I have a column that contains following content:

+------------+
| name       |
+------------+
| 你好世界    |
| HelloWorld |
| Hello世界  |
+------------+

and I hope

SELECT `name` FROM `table`  WHERE `name` REGEXP '[u4e00-u9fa5]';

gives me only Chinese contained row like this:

+------------+
| name       |
+------------+
| 你好世界    |
+------------+

but it actually gives me contrary result:

+------------+
| name       |
+------------+
| HelloWorld |
| Hello世界  |
+------------+

I knew that:

SELECT `name` FROM `table`  WHERE `name` NOT REGEXP '[u4e00-u9fa5]';

can work as expected,but I want to know why mysql regexp gives contrary result?Is this the default setting?Or I made a mistake.Thanks in advance.

Alex Luya
  • 9,412
  • 15
  • 59
  • 91
  • 1
    The class `[u4e00-u9fa5]` may contain `u, 4, e, 0, 9, f, a, 5` and all the characters between `0` and `u` (`[0-u]`). In this case only latin alphanumeric words would be matched.

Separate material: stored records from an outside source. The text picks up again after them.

(* The language $L_1=\{\,a^n b^{n+\lfloor \sqrt{n} \rfloor} \mid n \ge 1\,\}$ belongs to $\mathscr{L}_{rt}(\mathrm{MC\text{-}OCA}(1))$, i.e., it is accepted by some real-time one-way cellular automaton that is max communication bounded by a constant.
   Context: A cellular automaton (CA) is a system $\langle S,F,A,B,\#,b_l,b_r,\delta\rangle$ with finite nonempty state set $S$, accepting states $F\subseteq S$, nonempty input alphabet $A\subseteq S$, set $B$ of communication symbols, boundary symbol $\#\notin B$, communication functions $b_l,b_r:S\to B\cup\{\bot\}$ (information sent to the left/right neighbor; $\bot$ means nothing is sent), and local transition function $\delta:(B\cup\{\#,\bot\})\times S\times(B\cup\{\#,\bot\})\to S$. On input $w=a_1\cdots a_n\in A^+$ the array has cells $1,\dots,n$, initial configuration $c_0(i)=a_i$, and $c_{t+1}(i)=\delta(b_r(c_t(i-1)),c_t(i),b_l(c_t(i+1)))$ for $2\le i\le n-1$; the leftmost cell receives $\#$ from the left at the first step and $\bot$ afterwards, symmetrically for the rightmost cell. The input is accepted if at some time the leftmost cell enters a state in $F$. The device has time complexity $t$ if every accepted $w$ is accepted within $t(|w|)$ steps; real time means $t(n)=n$. A one-way CA (OCA) is a CA in which $b_r$ maps every state to $\bot$ and the leftmost cell does not receive the boundary symbol. The number of communications between cells $i$ and $i+1$ up to time $t$ is $\mathrm{com}(i,t)=|\{j: 0\le j<t,\ b_r(c_j(i))\ne\bot \text{ or } b_l(c_j(i+1))\ne\bot\}|$. For a device of time complexity $t$, $\mathrm{mcom}(w)=\max_{1\le i\le |w|-1}\mathrm{com}(i,t(|w|))$ and $\mathrm{scom}(w)=\sum_{i=1}^{|w|-1}\mathrm{com}(i,t(|w|))$. A device is max (resp. sum) communication bounded by $f$ if every accepted $w$ is accepted with a computation having $\mathrm{mcom}(w)\le f(|w|)$ (resp. $\mathrm{scom}(w)\le f(|w|)$). $\mathrm{MC\text{-}OCA}(f)$ (resp. $\mathrm{SC\text{-}OCA}(f)$, $\mathrm{MC\text{-}CA}(f)$) denotes OCAs (resp. OCAs, CAs) that are max (resp. sum, max) communication bounded by some $g\in O(f)$. $\mathscr{L}_{rt}(X)$ is the family of languages accepted by real-time devices of type $X$. *)

theory Defs
  imports Complex_Main "HOL-Library.Landau_Symbols"
begin

datatype letter = La | Lb

(* Information arriving at a cell: a communication symbol, the boundary symbol #, or nothing (bottom) *)
datatype 'b msg = Sym 'b | Bnd | Bot

definition to_msg :: "'b option \<Rightarrow> 'b msg" where
  "to_msg x = (case x of None \<Rightarrow> Bot | Some b \<Rightarrow> Sym b)"

(* The set B of communication symbols is the type 'b; "\<bottom>" is None.
   The input alphabet A \<subseteq> S is given as the image of an injective map
   inp from the letters of the language into the states. *)
record ('s,'b) ca =
  states :: "'s set"
  acc    :: "'s set"
  inp    :: "letter \<Rightarrow> 's"
  bl     :: "'s \<Rightarrow> 'b option"
  br     :: "'s \<Rightarrow> 'b option"
  delta  :: "'b msg \<Rightarrow> 's \<Rightarrow> 'b msg \<Rightarrow> 's"

definition wf_ca :: "('s,'b) ca \<Rightarrow> bool" where
  "wf_ca M \<longleftrightarrow> finite (states M) \<and> states M \<noteq> {} \<and> acc M \<subseteq> states M
     \<and> inj (inp M) \<and> range (inp M) \<subseteq> states M
     \<and> (\<forall>x s y. s \<in> states M \<longrightarrow> delta M x s y \<in> states M)"

definition is_oca :: "('s,'b) ca \<Rightarrow> bool" where
  "is_oca M \<longleftrightarrow> wf_ca M \<and> (\<forall>s. br M s = None)"

(* The leftmost cell does not receive the boundary symbol (it receives bottom),
   the rightmost cell receives # at the first step and bottom afterwards. *)
fun oca_cfg :: "('s,'b) ca \<Rightarrow> letter list \<Rightarrow> nat \<Rightarrow> nat \<Rightarrow> 's" where
  "oca_cfg M w 0 i = inp M (w ! (i - 1))"
| "oca_cfg M w (Suc t) i =
     delta M
       (if i = 1 then Bot else to_msg (br M (oca_cfg M w t (i - 1))))
       (oca_cfg M w t i)
       (if i = length w then (if t = 0 then Bnd else Bot)
        else to_msg (bl M (oca_cfg M w t (i + 1))))"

Are you sure that `u4e00` means U+4E00? Without any escape? Does MariaDB supports it or you should use `\p{xx}`? – logi-kal Jul 29 '16 at 10:51
  • 1
    MySQL regexp is not Unicode aware, as far as I know. See http://stackoverflow.com/a/7606528/3832970. Perhaps, this post should be closed as a duplicate of that question. – Wiktor Stribiżew Jul 29 '16 at 10:54
  • No,I am not sure,but "NOT REGEXP " does give me the expected result. – Alex Luya Jul 29 '16 at 11:05
  • 2
    `NOT REGEXP '[u4e00-u9fa5]'` means your results should not match a record that contains `u`, `4`, `e`, `0`, `9`, `f`, `a`, `5` (case insensitively), you do not match code points at all. You might get expected results but only for the current test data. – Wiktor Stribiżew Jul 29 '16 at 11:19
  • you are right,thanks – Alex Luya Jul 29 '16 at 11:49
  • See also http://stackoverflow.com/questions/38658540/how-to-use-regular-expression-to-match-word-without-any-letter-digital-or-specia – Rick James Jul 30 '16 at 15:51

1 Answers1

0

If you are checking to see if a utf8 string has CJK characters in it:

WHERE HEX(name) REGEXP '^(..)*E[456789]'

That will not include the Chinese characters that are not in the "BMP" plane.

Rick James
  • 135,179
  • 13
  • 127
  • 222